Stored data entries
::::

(* Let $q=2^m$ with $m\ge3$ and $U_0=\{\alpha\in\mathbb{F}_q:\mathrm{Tr}(\alpha^5)=0\}$. Then for all integers $s,r$ with $1\le s\le|U_0|$ and $1\le r\le s-2$, there exists a $1$-dim hull code over $\mathbb{F}_q$ with parameters $[2s+1,2(r+1),\ge2(s-r-1)]$ whose dual has parameters $[2s+1,2(s-r)-1,\ge2r+1]$.
   Context: $\mathrm{Tr}$ denotes the absolute trace from $\mathbb{F}_{2^m}$ to $\mathbb{F}_2$. $[n,k,\ge d]$ denotes a linear code of length $n$, dimension $k$ and minimum distance at least $d$. The hull of a linear code $C$ is $C\cap C^\perp$ (Euclidean dual), and $C$ is a $1$-dim hull code if $\dim(C\cap C^\perp)=1$. *)

theory Defs
  imports Complex_Main "HOL-Library.Function_Algebras"
begin

text \<open>Absolute trace from GF(2^m) to GF(2), as a map into the field itself
  (its values lie in the prime field {0,1}).\<close>
definition abs_trace :: "nat \<Rightarrow> 'a::field \<Rightarrow> 'a" where
  "abs_trace m x = (\<Sum>i<m. x ^ (2 ^ i))"

text \<open>Vectors of length n over a field F are modelled as functions nat \<Rightarrow> F
  vanishing outside {0..<n}.  Componentwise scalar multiplication:\<close>
definition vscale :: "'a::field \<Rightarrow> (nat \<Rightarrow> 'a) \<Rightarrow> (nat \<Rightarrow> 'a)" where
  "vscale c v = (\<lambda>i. c * v i)"

global_interpretation fvec: vector_space "vscale :: 'a::field \<Rightarrow> (nat \<Rightarrow> 'a) \<Rightarrow> _"
  by unfold_locales (auto simp: vscale_def fun_eq_iff algebra_simps)

definition ambient :: "nat \<Rightarrow> (nat \<Rightarrow> 'a::zero) set" where
  "ambient n = {v. \<forall>i\<ge>n. v i = 0}"

definition linear_code :: "nat \<Rightarrow> (nat \<Rightarrow> 'a::field) set \<Rightarrow> bool" where
  "linear_code n C \<longleftrightarrow> C \<subseteq> ambient n \<and> fvec.subspace C"

definition inner_prod :: "nat \<Rightarrow> (nat \<Rightarrow> 'a::field) \<Rightarrow> (nat \<Rightarrow> 'a) \<Rightarrow> 'a" where
  "inner_prod n u v = (\<Sum>i<n. u i * v i)"

definition dual_code :: "nat \<Rightarrow> (nat \<Rightarrow> 'a::field) set \<Rightarrow> (nat \<Rightarrow> 'a) set" where
  "dual_code n C = {v \<in> ambient n. \<forall>c\<in>C. inner_prod n v c = 0}"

::::

REQUIREMENT → The line containing "v = (\<Sum>i<n." and every line after it, through the last one above, should be written out word for word.

RESPONSE TO THIS EXERCISE →
  "inner_prod n u v = (\<Sum>i<n. u i * v i)"

definition dual_code :: "nat \<Rightarrow> (nat \<Rightarrow> 'a::field) set \<Rightarrow> (nat \<Rightarrow> 'a) set" where
  "dual_code n C = {v \<in> ambient n. \<forall>c\<in>C. inner_prod n v c = 0}"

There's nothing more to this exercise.